__What to produce__.
Copy exactly the stretch of data below from the line with "(\<forall>v\<in>VG. (\<Sum>e\<in>EG. h" through the line with "X \<subseteq> V", including both of those lines.

[Stored items]
=-=-=
(* Let $1\le a\le b\le c$ be integers and $K=K_{a,b,c}$. Suppose $\epsilon>0$, $d\ge 2bc^2\epsilon$, and $n$ is sufficiently large. Let $H$ be a $3$-graph on $n$ vertices with an $(\epsilon,t)$-regular partition $\mathcal P$ and cluster hypergraph $\mathcal R=\mathcal R(\epsilon,d,\mathcal P)$. Suppose that there is a fractional hom$(K)$-tiling $h$ of $\mathcal R$ with $h_{\min}\ge\frac1{bc^2}$. Then there exists a $K$-tiling of $H$ that covers at least $(1-2bc^3\epsilon)\,w(h)\,n/t$ vertices.
   Context: $K_{a,b,c}$ is the complete $3$-partite $3$-graph with parts of sizes $a,b,c$; a $K$-tiling is a collection of vertex-disjoint copies of $K$. For disjoint nonempty $V_1,V_2,V_3\subseteq V(H)$, $d(V_1,V_2,V_3)$ is the number of edges with one vertex in each $V_i$ divided by $|V_1||V_2||V_3|$; $(V_1,V_2,V_3)$ is $(\epsilon,d)$-regular if $|d(A_1,A_2,A_3)-d|\le\epsilon$ for all $A_i\subseteq V_i$ with $|A_i|\ge\epsilon|V_i|$, and $\epsilon$-regular if it is $(\epsilon,d)$-regular for some $d\ge0$. An $(\epsilon,t)$-regular partition of $H$ is a partition $V(H)=V_0\cup V_1\cup\dots\cup V_t$ with $|V_1|=\dots=|V_t|$, $|V_0|\le\epsilon n$, and all but at most $\epsilon\binom t3$ triples $\{i,j,l\}\in\binom{[t]}3$ having $(V_i,V_j,V_l)$ $\epsilon$-regular. The cluster hypergraph $\mathcal R(\epsilon,d,\mathcal P)$ is the $3$-graph on vertex set $\{V_1,\dots,V_t\}$ in which $\{V_i,V_j,V_l\}$ is an edge iff $(V_i,V_j,V_l)$ is $\epsilon$-regular and $d(V_i,V_j,V_l)\ge d$. For a $3$-graph $G=(V,E)$, a function $h:V\times E\to[0,1]$ is a fractional hom$(K)$-tiling of $G$ if (1) $h(v,e)=0$ whenever $v\notin e$; (2) $h(v)=\sum_{e\in E}h(v,e)\le1$ for all $v$; (3) every $e\in E$ has a labeling $e=uvw$ with $h(u,e)\le h(v,e)\le h(w,e)$ and $\frac{h(u,e)}a\ge\frac{h(v,e)}b\ge\frac{h(w,e)}c$. Here $h_{\min}$ is the smallest nonzero value of $h(v,e)$ and $w(h)=\sum_{(v,e)\in V\times E}h(v,e)$. *)

theory Defs
  imports Complex_Main
begin

definition three_graph :: "'a set \<Rightarrow> 'a set set \<Rightarrow> bool" where
  "three_graph V E \<longleftrightarrow> finite V \<and> (\<forall>e\<in>E. e \<subseteq> V \<and> card e = 3)"

definition density :: "'a set set \<Rightarrow> 'a set \<Rightarrow> 'a set \<Rightarrow> 'a set \<Rightarrow> real" where
  "density E V1 V2 V3 =
     real (card {e\<in>E. \<exists>x\<in>V1. \<exists>y\<in>V2. \<exists>z\<in>V3. e = {x, y, z}})
     / (real (card V1) * real (card V2) * real (card V3))"

definition eps_d_regular :: "'a set set \<Rightarrow> real \<Rightarrow> real \<Rightarrow> 'a set \<Rightarrow> 'a set \<Rightarrow> 'a set \<Rightarrow> bool" where
  "eps_d_regular E \<epsilon> d V1 V2 V3 \<longleftrightarrow>
     (\<forall>A1 A2 A3. A1 \<subseteq> V1 \<and> A2 \<subseteq> V2 \<and> A3 \<subseteq> V3 \<and>
        real (card A1) \<ge> \<epsilon> * real (card V1) \<and>
        real (card A2) \<ge> \<epsilon> * real (card V2) \<and>
        real (card A3) \<ge> \<epsilon> * real (card V3) \<longrightarrow>
        \<bar>density E A1 A2 A3 - d\<bar> \<le> \<epsilon>)"

definition eps_regular :: "'a set set \<Rightarrow> real \<Rightarrow> 'a set \<Rightarrow> 'a set \<Rightarrow> 'a set \<Rightarrow> bool" where
  "eps_regular E \<epsilon> V1 V2 V3 \<longleftrightarrow> (\<exists>d\<ge>0. eps_d_regular E \<epsilon> d V1 V2 V3)"

text \<open>(\<epsilon>,t)-regular partition V = P 0 \<union> P 1 \<union> ... \<union> P t (P 0 is the exceptional set V_0).\<close>
definition regular_partition ::
  "'a set \<Rightarrow> 'a set set \<Rightarrow> real \<Rightarrow> nat \<Rightarrow> (nat \<Rightarrow> 'a set) \<Rightarrow> bool" where
  "regular_partition V E \<epsilon> t P \<longleftrightarrow>
     V = (\<Union>i\<in>{0..t}. P i) \<and>
     (\<forall>i\<in>{0..t}. \<forall>j\<in>{0..t}. i \<noteq> j \<longrightarrow> P i \<inter> P j = {}) \<and>
     (\<forall>i\<in>{1..t}. P i \<noteq> {}) \<and>
     (\<forall>i\<in>{1..t}. \<forall>j\<in>{1..t}. card (P i) = card (P j)) \<and>
     real (card (P 0)) \<le> \<epsilon> * real (card V) \<and>
     real (card {T. T \<subseteq> {1..t} \<and> card T = 3 \<and>
                \<not> (\<exists>i j l. T = {i, j, l} \<and> eps_regular E \<epsilon> (P i) (P j) (P l))})
       \<le> \<epsilon> * real (t choose 3)"

text \<open>Edges of the cluster hypergraph R(\<epsilon>,d,P); cluster V_i is represented by its index i \<in> {1..t}.\<close>
definition cluster_edges ::
  "'a set set \<Rightarrow> real \<Rightarrow> real \<Rightarrow> nat \<Rightarrow> (nat \<Rightarrow> 'a set) \<Rightarrow> nat set set" where
  "cluster_edges E \<epsilon> d t P =
     {{i, j, l} | i j l. i \<in> {1..t} \<and> j \<in> {1..t} \<and> l \<in> {1..t} \<and>
        i \<noteq> j \<and> j \<noteq> l \<and> i \<noteq> l \<and>
        eps_regular E \<epsilon> (P i) (P j) (P l) \<and> density E (P i) (P j) (P l) \<ge> d}"

definition frac_hom_tiling ::
  "nat \<Rightarrow> nat \<Rightarrow> nat \<Rightarrow> 'v set \<Rightarrow> 'v set set \<Rightarrow> ('v \<Rightarrow> 'v set \<Rightarrow> real) \<Rightarrow> bool" where
  "frac_hom_tiling a b c VG EG h \<longleftrightarrow>
     (\<forall>v\<in>VG. \<forall>e\<in>EG. 0 \<le> h v e \<and> h v e \<le> 1) \<and>
     (\<forall>v\<in>VG. \<forall>e\<in>EG. v \<notin> e \<longrightarrow> h v e = 0) \<and>
     (\<forall>v\<in>VG. (\<Sum>e\<in>EG. h v e) \<le> 1) \<and>
     (\<forall>e\<in>EG. \<exists>u v w. e = {u, v, w} \<and> u \<noteq> v \<and> v \<noteq> w \<and> u \<noteq> w \<and>
        h u e \<le> h v e \<and> h v e \<le> h w e \<and>
        h u e / real a \<ge> h v e / real b \<and> h v e / real b \<ge> h w e / real c)"

definition tiling_weight :: "'v set \<Rightarrow> 'v set set \<Rightarrow> ('v \<Rightarrow> 'v set \<Rightarrow> real) \<Rightarrow> real" where
  "tiling_weight VG EG h = (\<Sum>v\<in>VG. \<Sum>e\<in>EG. h v e)"

definition hmin_ge :: "'v set \<Rightarrow> 'v set set \<Rightarrow> ('v \<Rightarrow> 'v set \<Rightarrow> real) \<Rightarrow> real \<Rightarrow> bool" where
  "hmin_ge VG EG h m \<longleftrightarrow> (\<forall>v\<in>VG. \<forall>e\<in>EG. h v e \<noteq> 0 \<longrightarrow> m \<le> h v e)"

definition K_copy :: "nat \<Rightarrow> nat \<Rightarrow> nat \<Rightarrow> 'a set \<Rightarrow> 'a set set \<Rightarrow> 'a set \<times> 'a set \<times> 'a set \<Rightarrow> bool" where
  "K_copy a b c V E K \<longleftrightarrow> (case K of (X, Y, Z) \<Rightarrow>
     X \<subseteq> V \<and> Y \<subseteq> V \<and> Z \<subseteq> V \<and>
     X \<inter> Y = {} \<and> Y \<inter> Z = {} \<and> X \<inter> Z = {} \<and>
     card X = a \<and> card Y = b \<and> card Z = c \<and>
     (\<forall>x\<in>X. \<forall>y\<in>Y. \<forall>z\<in>Z. {x, y, z} \<in> E))"

definition copy_verts :: "'a set \<times> 'a set \<times> 'a set \<Rightarrow> 'a set" where
  "copy_verts K = (case K of (X, Y, Z) \<Rightarrow> X \<union> Y \<union> Z)"

definition K_tiling :: "nat \<Rightarrow> nat \<Rightarrow> nat \<Rightarrow> 'a set \<Rightarrow> 'a set set \<Rightarrow> ('a set \<times> 'a set \<times> 'a set) set \<Rightarrow> bool" where
  "K_tiling a b c V E \<T> \<longleftrightarrow>
     (\<forall>K\<in>\<T>. K_copy a b c V E K) \<and>
     (\<forall>K\<in>\<T>. \<forall>K'\<in>\<T>. K \<noteq> K' \<longrightarrow> copy_verts K \<inter> copy_verts K' = {})"

definition covered :: "('a set \<times> 'a set \<times> 'a set) set \<Rightarrow> 'a set" where
  "covered \<T> = (\<Union>K\<in>\<T>. copy_verts K)"

end

theory Submission
  imports Defs
begin

text \<open>Every edge \<open>{i, j, l}\<close> of the cluster hypergraph is given disjoint pieces of the clusters
  \<open>V\<^sub>i, V\<^sub>j, V\<^sub>l\<close> of sizes \<open>\<lfloor>h(i,e)m\<rfloor>, \<lfloor>h(j,e)m\<rfloor>, \<lfloor>h(l,e)m\<rfloor>\<close>, where \<open>m = |V\<^sub>i|\<close>. The labelling
  condition on \<open>h\<close> keeps each piece between an \<open>a/(a+b+c)\<close> and a \<open>c/(a+b+c)\<close> fraction of the
  total, and this balance survives greedily removing copies of \<open>K\<close> whose largest part is taken
  from the largest remaining piece. Removal is possible as long as every piece has \<open>\<epsilon>m + N\<close>
  vertices: by regularity any three such sets span an \<open>\<epsilon>\<close>-dense 3-partite subgraph, which
  contains \<open>K\<^sub>c\<^sub>,\<^sub>c\<^sub>,\<^sub>c\<close> by Erdos' theorem. The \<open>O(\<epsilon>m)\<close> vertices left over per edge are at most a
  \<open>2bc\<^sup>3\<epsilon>\<close> fraction of its weight because \<open>h\<^sub>m\<^sub>i\<^sub>n \<ge> 1/(bc\<^sup>2)\<close>.\<close>

section \<open>Complete tripartite subgraphs of dense 3-partite 3-graphs\<close>

lemma card_pairs_eq_sum:
  assumes "finite A" "finite B"
  shows "card {(x, y). x \<in> A \<and> y \<in> B \<and> P x y} = (\<Sum>y\<in>B. card {x\<in>A. P x y})"
proof -
  have "{(x, y). x \<in> A \<and> y \<in> B \<and> P x y} = (\<Union>y\<in>B. (\<lambda>x. (x, y)) ` {x\<in>A. P x y})"
    by auto
  also have "card \<dots> = (\<Sum>y\<in>B. card ((\<lambda>x. (x, y)) ` {x\<in>A. P x y}))"
    using assms by (intro card_UN_disjoint) auto
  also have "\<dots> = (\<Sum>y\<in>B. card {x\<in>A. P x y})"
    by (intro sum.cong refl card_image) (auto simp: inj_on_def)
  finally show ?thesis .
qed

lemma card_large_values_ge:
  fixes f :: "'b \<Rightarrow> real"
  assumes "finite T" "0 \<le> p" "0 < M" "\<And>\<tau>. \<tau> \<in> T \<Longrightarrow> f \<tau> \<le> M"
    and "p * M * card T \<le> (\<Sum>\<tau>\<in>T. f \<tau>)"
  shows "p / 2 * card T \<le> card {\<tau>\<in>T. p * M / 2 \<le> f \<tau>}"
proof -
  define T' where "T' = {\<tau>\<in>T. p * M / 2 \<le> f \<tau>}"
  have "T' \<subseteq> T" "finite T'" using assms(1) by (auto simp: T'_def)
  have "(\<Sum>\<tau>\<in>T. f \<tau>) = (\<Sum>\<tau>\<in>T'. f \<tau>) + (\<Sum>\<tau>\<in>T - T'. f \<tau>)"
    using assms(1) \<open>T' \<subseteq> T\<close> by (metis sum.subset_diff add.commute)
  also have "\<dots> \<le> card T' * M + card (T - T') * (p * M / 2)"
    using assms(4) \<open>T' \<subseteq> T\<close> by (intro add_mono sum_bounded_above) (auto simp: T'_def)
  also have "\<dots> \<le> card T' * M + card T * (p * M / 2)"
    using assms(1-3) by (intro add_left_mono mult_right_mono) (auto intro: card_mono)
  finally have "p / 2 * card T * M \<le> card T' * M"
    using assms(5) by (simp add: algebra_simps)
  then show ?thesis using assms(3) by (simp add: T'_def)
qed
=-=-=
__Answer box__.
     (\<forall>v\<in>VG. (\<Sum>e\<in>EG. h v e) \<le> 1) \<and>
     (\<forall>e\<in>EG. \<exists>u v w. e = {u, v, w} \<and> u \<noteq> v \<and> v \<noteq> w \<and> u \<noteq> w \<and>
        h u e \<le> h v e \<and> h v e \<le> h w e \<and>
        h u e / real a \<ge> h v e / real b \<and> h v e / real b \<ge> h w e / real c)"

definition tiling_weight :: "'v set \<Rightarrow> 'v set set \<Rightarrow> ('v \<Rightarrow> 'v set \<Rightarrow> real) \<Rightarrow> real" where
  "tiling_weight VG EG h = (\<Sum>v\<in>VG. \<Sum>e\<in>EG. h v e)"

definition hmin_ge :: "'v set \<Rightarrow> 'v set set \<Rightarrow> ('v \<Rightarrow> 'v set \<Rightarrow> real) \<Rightarrow> real \<Rightarrow> bool" where
  "hmin_ge VG EG h m \<longleftrightarrow> (\<forall>v\<in>VG. \<forall>e\<in>EG. h v e \<noteq> 0 \<longrightarrow> m \<le> h v e)"

definition K_copy :: "nat \<Rightarrow> nat \<Rightarrow> nat \<Rightarrow> 'a set \<Rightarrow> 'a set set \<Rightarrow> 'a set \<times> 'a set \<times> 'a set \<Rightarrow> bool" where
  "K_copy a b c V E K \<longleftrightarrow> (case K of (X, Y, Z) \<Rightarrow>
     X \<subseteq> V \<and> Y \<subseteq> V \<and> Z \<subseteq> V \<and>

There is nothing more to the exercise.